Solana (SOL) Faces Bearish Pressure as Technical Indicators Signal Range-Bound Trading
Solana (SOL) hasn’t enjoyed much positive momentum in its price trajectory lately. It encountered resistance around $160, stemming from a higher timeframe imbalance, and has since settled into a range-bound pattern.
This range spans from $156 to $116.3, with technical indicators signaling a bearish bias. A recent report by AMBCrypto shed light on the concerning Open Interest situation behind SOL, further accentuating its bearish prospects.
The midpoint of this range, pegged at $136.6, appears to be SOL’s current target as it gravitates towards a retest, likely to face resistance in the near term.
On the 12-hour chart, the RSI remains below the neutral 50 mark, indicating a prevailing bearish momentum with a reading of 40.57. The OBV has been on a gradual decline throughout the latter half of April, albeit showing a slight rebound in the past couple of days.
A breach of the OBV support would signify strengthening selling pressure on SOL, potentially driving prices below the range lows at $116. As per the internal structure analysis, $122 emerges as a critical support level for Solana’s price.

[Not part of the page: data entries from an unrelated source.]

(* Let $G$ be a connected graph of order $n$. Then $\overline{\mathrm{lcs}}(G)=n-1$ if and only if $G$ has a vertex $v$ for which $\chi(G\setminus v)=\chi(G)-1=\deg(v)$.
   Context: All graphs are finite and simple. For a graph $G=(V,E)$ and an integer $k\ge\chi(G)$, a proper $k$-colouring is a map $c:V\to[k]$ with $c(u)\neq c(v)$ for every edge $uv$. A set $S\subseteq V$ is a determining set for $(G,c)$ if there is no proper $k$-colouring $c'\neq c$ of $G$ with $c'(s)=c(s)$ for all $s\in S$. A critical set for $(G,c)$ is an inclusion-minimal determining set. $\mathrm{lcs}(G,c)$ denotes the size of a largest critical set for $(G,c)$, and $\overline{\mathrm{lcs}}(G,k)$ is the maximum of $\mathrm{lcs}(G,c)$ over all proper $k$-colourings $c$ of $G$; $\overline{\mathrm{lcs}}(G)=\overline{\mathrm{lcs}}(G,\chi(G))$. $G\setminus v$ denotes $G$ with vertex $v$ deleted. *)

theory Defs
  imports Main
begin

definition simple_graph :: "'a set \<Rightarrow> ('a \<Rightarrow> 'a \<Rightarrow> bool) \<Rightarrow> bool" where
  "simple_graph V E \<longleftrightarrow> finite V \<and> (\<forall>u v. E u v \<longrightarrow> u \<in> V \<and> v \<in> V)
     \<and> (\<forall>u v. E u v \<longrightarrow> E v u) \<and> (\<forall>v. \<not> E v v)"

definition connected_graph :: "'a set \<Rightarrow> ('a \<Rightarrow> 'a \<Rightarrow> bool) \<Rightarrow> bool" where
  "connected_graph V E \<longleftrightarrow> V \<noteq> {} \<and> (\<forall>u\<in>V. \<forall>v\<in>V. E\<^sup>*\<^sup>* u v)"

definition degree :: "'a set \<Rightarrow> ('a \<Rightarrow> 'a \<Rightarrow> bool) \<Rightarrow> 'a \<Rightarrow> nat" where
  "degree V E v = card {u \<in> V. E v u}"

definition del_vertex_V :: "'a set \<Rightarrow> 'a \<Rightarrow> 'a set" where
  "del_vertex_V V v = V - {v}"

definition del_vertex_E :: "('a \<Rightarrow> 'a \<Rightarrow> bool) \<Rightarrow> 'a \<Rightarrow> 'a \<Rightarrow> 'a \<Rightarrow> bool" where
  "del_vertex_E E v = (\<lambda>x y. E x y \<and> x \<noteq> v \<and> y \<noteq> v)"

There’s an underlying sense of fear in the market, exemplified by the movement to $116 on April 13th, followed by a rebound that suggested liquidity around $120 had already been absorbed.
Presently, the next significant liquidity pool is positioned around $100, while resistances to the upside lie at $160 and $145.
Considering the price action dynamics and technical indicators, a descent towards $100 or even $92 wouldn’t come as a surprise.